İmamoğlu"nun "nâciz vücûdu" ve siyâsî potansiyeli bu kadar şişirilmeyi ne kadar kaldırabilir bilmiyorum? Şişirenlerin böyle bir endişesi olduğunu da zannetmiyorum. Altı ayda var edilen İmamoğlu, fazla şişirilip patlarsa, memlekette takdis edilmek için sıra bekleyen nice "veliahtlar" var.
“Bekleyenler kümesi”nin elemanları lafa gelince “asker” falan olduklarını söylemekten çekinmiyorlar ama “birisi”ni beklemekten başka yaptıkları iş olmadığı için “gönüllü etkisiz eleman” oldukları her geçen gün daha da belli oluyor. Bu gönüllü etkisiz elemanlar, kıllarını kıpırdatmadan, ekmek elden su gölden yaşayıp, ne vatan ve memleket için, ne dünya ve insanlık için taş üstüne bir çakıl taşı bile koymaya üşendikleri için, her şeyi annesinden bekleyen “şımarık çocuk” gibidirler.

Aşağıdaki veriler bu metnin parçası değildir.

lemma conj_mat_rotz_O2: "conj_mat (rotz a) ` O2 = O2"
proof
  show "conj_mat (rotz a) ` O2 \<subseteq> O2"
    unfolding O2_def by (auto simp: conj_mat_rotz_rotz conj_mat_rotz_flip)
  have "rotz b \<in> conj_mat (rotz a) ` O2" for b
    using conj_mat_rotz_rotz[of a b] rotz_in_O2 by (metis image_eqI)
  moreover have "rotz b ** rotx_pi \<in> conj_mat (rotz a) ` O2" for b
  proof -
    have "rotz b ** rotx_pi = conj_mat (rotz a) (rotz (b - 2 * a) ** rotx_pi)"
      by (simp add: conj_mat_rotz_flip)
    thus ?thesis unfolding O2_def by blast
  qed
  ultimately show "O2 \<subseteq> conj_mat (rotz a) ` O2"
    unfolding O2_def by blast
qed

lemma trace_rotz: "trace (rotz th) = 1 + 2 * cos th"
  by (simp add: trace_def sum_3 rotz_def)

lemma trace_rotz_rotx_pi: "trace (rotz th ** rotx_pi) = -1"
  by (simp add: trace_def rotz_def rotx_pi_def matrix_matrix_mult_def sum_3)

text \<open>The trace is a conjugation invariant; on O(2) it equals -1 except on the rotations about the
  z-axis, where it determines the cosine of the angle.\<close>
lemma in_class_obtain_rotz:
  assumes "in_class G K" "rotz th0 \<in> K" "G \<subseteq> O2" "cos th0 \<noteq> -1"
  obtains th where "rotz th \<in> G" "cos th = cos th0"
proof -
  obtain g where g: "g \<in> SO3" "G = conj_mat g ` K"
    using assms(1) unfolding in_class_def by blast
  define R where "R = conj_mat g (rotz th0)"
  have "R \<in> G" unfolding R_def using g assms(2) by blast
  have tr: "trace R = 1 + 2 * cos th0"
    unfolding R_def trace_conj_mat[OF g(1)] trace_rotz ..
  from \<open>R \<in> G\<close> assms(3) obtain th where "R = rotz th"
    unfolding O2_def using tr assms(4) trace_rotz_rotx_pi by fastforce
  with tr have "cos th = cos th0" by (simp add: trace_rotz)
  with that \<open>R \<in> G\<close> \<open>R = rotz th\<close> show thesis by blast
qed

lemma Dn_eq:
  assumes n: "n > 0"
  shows "Dn n = rotz ` {th. cis (real n * th) = 1} \<union> (\<lambda>th. rotz th ** rotx_pi) ` {th. cis (real n * th) = 1}"
proof -
  have "cis (real n * (2 * pi * real k / real n)) = 1" for k
    using n cis_multiple_2pi[of "real k"] by (simp add: mult.commute)
  moreover have "\<exists>k<n. rotz th = rotz (2 * pi * real k / real n)" if "cis (real n * th) = 1" for th
  proof -
    have "cis th \<in> {z. z ^ n = 1}"
      using that by (simp only: Complex.DeMoivre mem_Collect_eq)
    then obtain k where "k < n" "cis th = cis (2 * pi * real k / real n)"
      using Complex.bij_betw_roots_unity[OF n] unfolding bij_betw_def by auto
    thus ?thesis using rotz_cis_cong by blast
  qed
  ultimately have "(\<lambda>k. rotz (2 * pi * real k / real n)) ` {..<n} = rotz ` {th. cis (real n * th) = 1}"
    "(\<lambda>k. rotz (2 * pi * real k / real n) ** rotx_pi) ` {..<n}
       = (\<lambda>th. rotz th ** rotx_pi) ` {th. cis (real n * th) = 1}"
    by (fastforce simp: image_iff)+
  thus ?thesis unfolding Dn_def by simp
qed

lemma cis_minus_Arg_mult: "cis (- Arg w) * w = of_real (cmod w)"
proof -
  have "cis (- Arg w) * w = of_real (cmod w) * (cis (- Arg w) * cis (Arg w))"
    by (subst (2) rcis_cmod_Arg[symmetric]) (simp add: rcis_def)
  thus ?thesis by (simp add: cis_mult)
qed
text \<open>If B survives every single leak, a leak set L' can only stop the colouring at the leaks
  that block the last remaining force of their tail; these form an independent set, so when
  I(L') \<le> 1 there is at most one of them and B survives it. Both conditions of the theorem
  are invariant under isomorphism of leak sets, and a single leak is either a loop (which never
  blocks anything) or isomorphic to the independent leak of L.\<close>

lemma leaky_closure_subset:
  assumes "simple_graph V E" "B \<subseteq> V"
  shows "leaky_closure V E B L \<subseteq> V"
proof
  fix z assume "z \<in> leaky_closure V E B L"
  then show "z \<in> V"
    by induction (use assms in \<open>auto simp: simple_graph_def\<close>)
qed

lemma finite_leaks:
  assumes "simple_graph V E" "L \<subseteq> V \<times> V"
  shows "finite L"
  using assms(1) by (intro finite_subset[OF assms(2)]) (simp add: simple_graph_def)

lemma leaky_closure_non_edge_leaks:
  assumes "\<forall>(u, w) \<in> L. \<not> E u w"
  shows "leaky_closure V E B {} \<subseteq> leaky_closure V E B L"
proof
  fix z assume "z \<in> leaky_closure V E B {}"
  then show "z \<in> leaky_closure V E B L"
  proof induction
    case (init b)
    then show ?case by (rule leaky_closure.init)
  next
    case (force u w)
    then have "u \<in> leaky_closure V E B L" "E u w"
      by auto
    moreover have "(u, w) \<notin> L"
      using \<open>E u w\<close> assms by auto
    moreover have "\<forall>x. E u x \<and> x \<noteq> w \<longrightarrow> x \<in> leaky_closure V E B L"
      using force by auto
    ultimately show ?case
      by (rule leaky_closure.force)
  qed
qed

definition blocked_leaks :: "'a set \<Rightarrow> ('a \<Rightarrow> 'a \<Rightarrow> bool) \<Rightarrow> 'a set \<Rightarrow> ('a \<times> 'a) set \<Rightarrow> ('a \<times> 'a) set" where
  "blocked_leaks V E B L =
     (let C = leaky_closure V E B L in
      {(u, w) \<in> L. u \<in> C \<and> w \<notin> C \<and> E u w \<and> (\<forall>x. E u x \<and> x \<noteq> w \<longrightarrow> x \<in> C)})"

lemma blocked_leaks_subset: "blocked_leaks V E B L \<subseteq> L"
  by (auto simp: blocked_leaks_def Let_def)

text \<open>A blocked leak is the only possible force of its tail, so tails are distinct; tails are
  blue and heads white in the final colouring.\<close>
lemma independent_blocked_leaks: "independent_leaks (blocked_leaks V E B L)"
proof -
  let ?P = "blocked_leaks V E B L"
  have "inj_on fst ?P"
    by (rule inj_onI) (auto simp: blocked_leaks_def Let_def)
  moreover have "fst ` ?P \<inter> snd ` ?P = {}"
    by (auto simp: blocked_leaks_def Let_def)
  ultimately show ?thesis
    by (simp add: independent_leaks_def tails_def heads_def card_image)
qed

lemma leaky_closure_blocked_leaks:
  "leaky_closure V E B (blocked_leaks V E B L) \<subseteq> leaky_closure V E B L"
proof
  fix z assume "z \<in> leaky_closure V E B (blocked_leaks V E B L)"
  then show "z \<in> leaky_closure V E B L"
  proof induction
    case (init b)
    then show ?case by (rule leaky_closure.init)
  next
    case (force u w)
    then have blue: "u \<in> leaky_closure V E B L" and edge: "E u w"
      and others: "\<forall>x. E u x \<and> x \<noteq> w \<longrightarrow> x \<in> leaky_closure V E B L"
      and unblocked: "(u, w) \<notin> blocked_leaks V E B L"
      by auto
    show ?case
    proof (rule ccontr)
      assume "w \<notin> leaky_closure V E B L"
      with blue edge others unblocked have "(u, w) \<notin> L"
        by (simp add: blocked_leaks_def Let_def)
      with blue edge have "w \<in> leaky_closure V E B L"
        using others by (rule leaky_closure.force)
      with \<open>w \<notin> leaky_closure V E B L\<close> show False ..
    qed
  qed
qed

lemma forces_all_if_independent_subsets_le_1:
  assumes "simple_graph V E" "B \<subseteq> V" "specified_leaky_forcing V E 1 B"
    and "L \<subseteq> V \<times> V"
    and indep: "\<forall>P \<subseteq> L. independent_leaks P \<longrightarrow> card P \<le> 1"
  shows "forces_all V E B L"
proof -
  let ?P = "blocked_leaks V E B L"
  have "?P \<subseteq> V \<times> V"
    using blocked_leaks_subset assms(4) by (rule subset_trans)
  moreover have "card ?P \<le> 1"
    using indep[rule_format, OF blocked_leaks_subset independent_blocked_leaks] .
  ultimately have "leaky_closure V E B ?P = V"
    using assms(3) by (simp add: specified_leaky_forcing_def forces_all_def)
  moreover have "leaky_closure V E B L \<subseteq> V"
    using assms(1,2) by (rule leaky_closure_subset)
  ultimately show ?thesis
    using leaky_closure_blocked_leaks unfolding forces_all_def by (metis subset_antisym)
qed

lemma independent_leaks_image:
  assumes "inj_on \<phi> V" "P \<subseteq> V \<times> V" "independent_leaks P"
  shows "independent_leaks (map_prod \<phi> \<phi> ` P)"
proof -
  have tails: "fst ` P \<subseteq> V" and heads: "snd ` P \<subseteq> V"
    using assms(2) by auto
  have "inj_on (map_prod \<phi> \<phi>) P"
    using map_prod_inj_on[OF assms(1) assms(1)] assms(2) by (rule inj_on_subset)
  moreover have "fst ` map_prod \<phi> \<phi> ` P = \<phi> ` fst ` P"
    and "snd ` map_prod \<phi> \<phi> ` P = \<phi> ` snd ` P"
    by force+
  moreover have "card (\<phi> ` fst ` P) = card (fst ` P)"
    using inj_on_subset[OF assms(1) tails] by (rule card_image)
  moreover have "\<phi> ` fst ` P \<inter> \<phi> ` snd ` P = \<phi> ` (fst ` P \<inter> snd ` P)"
    using inj_on_image_Int[OF assms(1) tails heads] by simp
  ultimately show ?thesis
    using assms(3) by (simp add: independent_leaks_def tails_def heads_def card_image)
qed

lemma leaks_iso_independent_subsets_bound:
  assumes "L1 \<subseteq> V \<times> V" "leaks_iso V L1 L2"
    and bound: "\<forall>Q \<subseteq> L2. independent_leaks Q \<longrightarrow> card Q \<le> k"
  shows "\<forall>P \<subseteq> L1. independent_leaks P \<longrightarrow> card P \<le> k"
proof (intro allI impI)
  fix P assume P: "P \<subseteq> L1" "independent_leaks P"
  obtain \<phi> where bij: "bij_betw \<phi> V V"
    and iso: "\<forall>x\<in>V. \<forall>y\<in>V. (x, y) \<in> L1 \<longleftrightarrow> (\<phi> x, \<phi> y) \<in> L2"
    using assms(2) unfolding leaks_iso_def by blast
  have inj: "inj_on \<phi> V" and PV: "P \<subseteq> V \<times> V"
    using bij P(1) assms(1) by (auto simp: bij_betw_def)
  have "map_prod \<phi> \<phi> ` P \<subseteq> L2"
    using iso P(1) PV by auto
  moreover have "independent_leaks (map_prod \<phi> \<phi> ` P)"
    using inj PV P(2) by (rule independent_leaks_image)
  ultimately have "card (map_prod \<phi> \<phi> ` P) \<le> k"
    using bound by blast
  moreover have "inj_on (map_prod \<phi> \<phi>) P"
    using map_prod_inj_on[OF inj inj] PV by (rule inj_on_subset)
  ultimately show "card P \<le> k"
    by (simp add: card_image)
qed

lemma leaks_iso_refl: "leaks_iso V L L"
  unfolding leaks_iso_def by (intro exI[of _ id]) simp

Ağızlarından düşürmedikleri “devlet bir şey yapsın” lafının kişisel seviyedeki ifâdesi olan “beklenen kişi” konusunda umutları azalınca “sarı saçlı mâvi gözlü” olmasından tâviz verip “olana râzı” olurlar. Onu da hayattayken “bâdem gözlü ve sırma saçlı” diye bağırlarına basarlar. Zira seçme lüksleri yoktur. Ama ellerindeki lüksten vazgeçmezler. Tatillerinden, her yıl yeniledikleri arabalarından, yurtdışı seyahatlerinden, altı ayda bir yeniledikleri telefonlarından, limiti bol basamaklı kredi kartlarından zerre kadar tâviz vermek istemezler.
“Beklenen” gelince onu kaybetmemek için hemen takdis edip kutsallaştırırlar. Kutsallaştırmak için her türlü matematiksel işlem yapıp “100 yıl” sonucuna ulaşırlar. İşlerine gelince, rafa kaldırılan kutsal değerleri indirip tozlu tozlu piyasaya sürerler. Tıpkı Eski Mısır’daki râhiplerin sistemin devâmını sağlamaları gibi, tek dertleri kendi sistemlerinin çarklarının dönmesidir. Sistemi işlemesinde her hangi bir aksaklık olup da “beklenen” bekleneni vermezse, tekfir etmek için bir sâniye tereddüt etmez ve çarkın dişlileri arasında ezip yok ederler. Attila İlhân’dan mülhem şunu diyebiliriz, bu millet kimleri gördü; zâten yoktular!